Assigned task:
Word for word, transcribe the records that follow.

Data listing:
_ _ _
(* Let $Q=[0,1]^3$ and for a finite set $Y\subseteq Q$ let $E(Y)=\int_Q\operatorname{dist}^2(x,Y)\,dx$. Given $n$, let $Y_n$ be a minimizer of $E$ among all sets of $n$ points in $Q$. Let $y\in Y_n$, let $V=\{x\in Q:|x-y|\le|x-z|\ \forall z\in Y_n\}$ be its Voronoi cell, and let $r:=\max_{z'\in\partial V}|z'-y|$. Then \[\min_{z\in Y_n\setminus\{y\}}|y-z|\ \ge\ r\Big(\sqrt{1+\tfrac{2^4\cdot 3^3}{5^2\cdot 10^3}}-1\Big)\ \ge\ \Gamma_2|V|^{1/3},\] where $\Gamma_2:=\Big(\sqrt{1+\tfrac{2^4\cdot 3^3}{5^2\cdot 10^3}}-1\Big)\omega_3^{-1/3}$ and $\omega_3=4\pi/3$. *)

theory Defs
  imports "HOL-Analysis.Analysis"
begin

definition unit_cube :: "(real^3) set" where
  "unit_cube = {x. \<forall>i. 0 \<le> x$i \<and> x$i \<le> 1}"

definition energy :: "(real^3) set \<Rightarrow> real" where
  "energy Y = integral unit_cube (\<lambda>x. (infdist x Y)^2)"

definition voronoi_cell :: "(real^3) set \<Rightarrow> real^3 \<Rightarrow> (real^3) set" where
  "voronoi_cell Y y = {x \<in> unit_cube. \<forall>z\<in>Y. dist x y \<le> dist x z}"

definition Gamma2 :: real where
  "Gamma2 = (sqrt (1 + (2^4 * 3^3) / (5^2 * 10^3)) - 1) * (4 * pi / 3) powr (-1/3)"

end

theory Submission
  imports Defs
begin

(* Let delta be the distance from y to its nearest neighbour z, and R the distance from y to the
   farthest point p of its cell V (V is compact, so p can be taken on the frontier).
   Optimality forces y to be the centroid of V: otherwise moving y a little towards the centroid
   lowers the energy. Now replace y by p. Handing V over to z costs delta^2 |V|, since by the
   centroid property the integral of |x - z|^2 over V equals that of |x - y|^2 plus delta^2 |V|.
   But the copy p + (V - p)/8 of V, of volume |V|/512, lies within R/4 of p and, if R > 100 delta,
   at distance at least 7R/10 from z; serving it from p saves at least R^2/4 per unit volume.
   Optimality then gives R^2 <= 2048 delta^2, a contradiction. Hence R <= 100 delta, and the
   constant sqrt (1 + 432/25000) - 1 is below 1/100.
   The second inequality is |V| <= (4 pi/3) R^3. *)

lemma integrable_on_compact_continuous:
  fixes f :: "'a::euclidean_space \<Rightarrow> 'b::euclidean_space"
  assumes "compact S" "continuous_on S f"
  shows "f integrable_on S"
  using borel_integrable_compact[OF assms] set_borel_integral_eq_integral(1)[of S f]
  unfolding set_integrable_def by simp

lemma measure_homothety:
  fixes S :: "'a::euclidean_space set"
  assumes "t \<ge> 0"
  shows "measure lebesgue ((\<lambda>x. p + t *\<^sub>R (x - p)) ` S) = t ^ DIM('a) * measure lebesgue S"
proof -
  have "(\<lambda>x. p + t *\<^sub>R (x - p)) = (\<lambda>x. t *\<^sub>R x + (p - t *\<^sub>R p))"
    by (auto simp: algebra_simps)
  then show ?thesis
    using measure_lebesgue_affine[of t "p - t *\<^sub>R p" S] assms by (simp only: abs_of_nonneg)
qed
_ _ _
Result for this task:
(* Let $Q=[0,1]^3$ and for a finite set $Y\subseteq Q$ let $E(Y)=\int_Q\operatorname{dist}^2(x,Y)\,dx$. Given $n$, let $Y_n$ be a minimizer of $E$ among all sets of $n$ points in $Q$. Let $y\in Y_n$, let $V=\{x\in Q:|x-y|\le|x-z|\ \forall z\in Y_n\}$ be its Voronoi cell, and let $r:=\max_{z'\in\partial V}|z'-y|$. Then \[\min_{z\in Y_n\setminus\{y\}}|y-z|\ \ge\ r\Big(\sqrt{1+\tfrac{2^4\cdot 3^3}{5^2\cdot 10^3}}-1\Big)\ \ge\ \Gamma_2|V|^{1/3},\] where $\Gamma_2:=\Big(\sqrt{1+\tfrac{2^4\cdot 3^3}{5^2\cdot 10^3}}-1\Big)\omega_3^{-1/3}$ and $\omega_3=4\pi/3$. *)

theory Defs
  imports "HOL-Analysis.Analysis"
begin

definition unit_cube :: "(real^3) set" where
  "unit_cube = {x. \<forall>i. 0 \<le> x$i \<and> x$i \<le> 1}"

definition energy :: "(real^3) set \<Rightarrow> real" where
  "energy Y = integral unit_cube (\<lambda>x. (infdist x Y)^2)"

definition voronoi_cell :: "(real^3) set \<Rightarrow> real^3 \<Rightarrow> (real^3) set" where
  "voronoi_cell Y y = {x \<in> unit_cube. \<forall>z\<in>Y. dist x y \<le> dist x z}"

definition Gamma2 :: real where
  "Gamma2 = (sqrt (1 + (2^4 * 3^3) / (5^2 * 10^3)) - 1) * (4 * pi / 3) powr (-1/3)"

end

theory Submission
  imports Defs
begin

(* Let delta be the distance from y to its nearest neighbour z, and R the distance from y to the
   farthest point p of its cell V (V is compact, so p can be taken on the frontier).
   Optimality forces y to be the centroid of V: otherwise moving y a little towards the centroid
   lowers the energy. Now replace y by p. Handing V over to z costs delta^2 |V|, since by the
   centroid property the integral of |x - z|^2 over V equals that of |x - y|^2 plus delta^2 |V|.
   But the copy p + (V - p)/8 of V, of volume |V|/512, lies within R/4 of p and, if R > 100 delta,
   at distance at least 7R/10 from z; serving it from p saves at least R^2/4 per unit volume.
   Optimality then gives R^2 <= 2048 delta^2, a contradiction. Hence R <= 100 delta, and the
   constant sqrt (1 + 432/25000) - 1 is below 1/100.
   The second inequality is |V| <= (4 pi/3) R^3. *)

lemma integrable_on_compact_continuous:
  fixes f :: "'a::euclidean_space \<Rightarrow> 'b::euclidean_space"
  assumes "compact S" "continuous_on S f"
  shows "f integrable_on S"
  using borel_integrable_compact[OF assms] set_borel_integral_eq_integral(1)[of S f]
  unfolding set_integrable_def by simp

lemma measure_homothety:
  fixes S :: "'a::euclidean_space set"
  assumes "t \<ge> 0"
  shows "measure lebesgue ((\<lambda>x. p + t *\<^sub>R (x - p)) ` S) = t ^ DIM('a) * measure lebesgue S"
proof -
  have "(\<lambda>x. p + t *\<^sub>R (x - p)) = (\<lambda>x. t *\<^sub>R x + (p - t *\<^sub>R p))"
    by (auto simp: algebra_simps)
  then show ?thesis
    using measure_lebesgue_affine[of t "p - t *\<^sub>R p" S] assms by (simp only: abs_of_nonneg)
qed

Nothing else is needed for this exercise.